In the second quarter 2010, Diebold repurchased 310,449 of its common shares for approximately $10 million under its repurchase plan. The company has approximately 2.3 million shares remaining under its existing board authorization. For the first six months of 2010, Diebold repurchased 647,449 shares of its common shares for approximately $20 million under its repurchase plan.
Restructuring charges, impairment charges, and discontinued operations
The company incurred restructuring charges of $.01 per share in the second quarter of 2010. The majority of these charges were related to severance costs from the previously announced reorganization of the company’s North America and corporate functions, and the continued strategic realignment of the company’s global manufacturing. The company also incurred a pre-tax impairment charge in the second quarter 2010 of $4.1 million, or $.05 per share, related to the write down of intangible assets from TFE.

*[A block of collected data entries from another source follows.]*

(* Let $P,P_1,P_2\in\mathbb R^{d\times d}$ be irreducible stochastic matrices with stationary distributions $\mu,\mu_1,\mu_2$. Then: 1. For any $y\in\mathbb R^d$ with $\mu^\top y=0$, the vector $x:=\sum_{k=0}^\infty\mathcal P^ky/2$ is a solution of the Poisson equation $(I-P)x=y$, and $\|x\|_\infty\le\frac{C}{1-\rho}\|y\|_\infty$, where $(C,\rho)$ are mixing parameters of $\mathcal P$. 2. Let $y_1,y_2\in\mathbb R^d$ with $\mu_1^\top y_1=\mu_2^\top y_2=0$, and let $x_1=\sum_{k=0}^\infty\mathcal P_1^ky_1/2$ and $x_2=\sum_{k=0}^\infty\mathcal P_2^ky_2/2$ be the solutions of $(I-P_1)x=y_1$ and $(I-P_2)x=y_2$. Then \[ \|x_1-x_2\|_\infty\le\frac14\left(\frac{\log(\|P_1-P_2\|_\infty(1-\rho_{\max}))-\log(8C_{\max})}{\log(\rho_{\max})}\right)^2\|P_1-P_2\|_\infty(\|y_1\|_\infty+\|y_2\|_\infty) +\frac12\left(\frac{\log(\|P_1-P_2\|_\infty(1-\rho_{\max}))-\log(8C_{\max})}{\log(\rho_{\max})}\right)\|y_1-y_2\|_\infty, \] where $C_{\max}=\max(C_1,C_2)$, $\rho_{\max}=\max(\rho_1,\rho_2)$, and $(C_1,\rho_1)$, $(C_2,\rho_2)$ are mixing parameters of $\mathcal P_1$, $\mathcal P_2$.
   Context: For an irreducible stochastic matrix $P$ on a finite set of size $d$, $\mathcal P=(P+I)/2$ denotes the associated lazy transition matrix (likewise $\mathcal P_i=(P_i+I)/2$); it is irreducible, aperiodic and has the same stationary distribution. A pair $(C,\rho)$ with $C>0$, $\rho\in(0,1)$ is called mixing parameters of $\mathcal P$ if $\max_{i}\|\mathcal P^k(i,\cdot)-\mu(\cdot)\|_{\mathrm{TV}}\le C\rho^k$ for all $k\ge0$, where $\|\cdot\|_{\mathrm{TV}}$ is total variation distance (half the $\ell_1$ distance). For vectors $\|\cdot\|_\infty$ is the max norm; for matrices it is the induced norm (maximum absolute row sum). *)

theory Defs
  imports "HOL-Analysis.Analysis"
begin

text \<open>Matrix power with respect to matrix multiplication (the componentwise ring
  structure on vec makes ^ unusable for this).\<close>
definition mpow :: "real^'n^'n \<Rightarrow> nat \<Rightarrow> real^'n^'n" where
  "mpow A k = ((\<lambda>M. M ** A) ^^ k) (mat 1)"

Voluntary disclosure related to Foreign Corrupt Practices Act
While conducting due diligence in connection with a potential acquisition in Russia, Diebold identified certain transactions and payments by its subsidiary in Russia (primarily during 2005 to 2008) that potentially implicate the Foreign Corrupt Practices Act (FCPA), particularly the books and records provisions of the FCPA. While the company’s current assessment indicates that the transactions and payments in question do not materially impact or alter the company’s financial statements, the company continues to collect information and is conducting an internal review of its global FCPA compliance. At this time, Diebold cannot predict the outcome or impact of this global review. In addition, the company has voluntarily self-reported its findings to the U.S. Department of Justice and the Securities and Exchange Commission and intends to fully cooperate with these agencies in their review.
Full-year 2010 outlook
The following statements are based on current expectations. These statements are forward-looking and actual results may differ materially. These statements do not include the potential impact of any future mergers, acquisitions, disposals or other business combinations. Expectations for the full year 2010 include:
  Revenue
         
    Previous Guidance   Current Guidance
Total revenue
  4% to 9%   5% to 8%
Financial self-service
  2% to 6%   2% to 5%
Security
  -1% to -6%   -1% to -5%
Brazil election sys. / lottery
  $105 million to $115 million   $125 million to $135 million
  Earnings per share
         
    Previous Guidance   Current Guidance
2010 EPS (GAAP)
  $1.87 - $2.10   $1.91 - $2.09
Restructuring charges
  .03 - .05   .03 - .05
Non-routine income
    (.04)
Impairment
    .05
2010 EPS non-GAAP*
  $1.90 - $2.15   $1.95 - $2.15
 
*     See accompanying notes for non-GAAP measures.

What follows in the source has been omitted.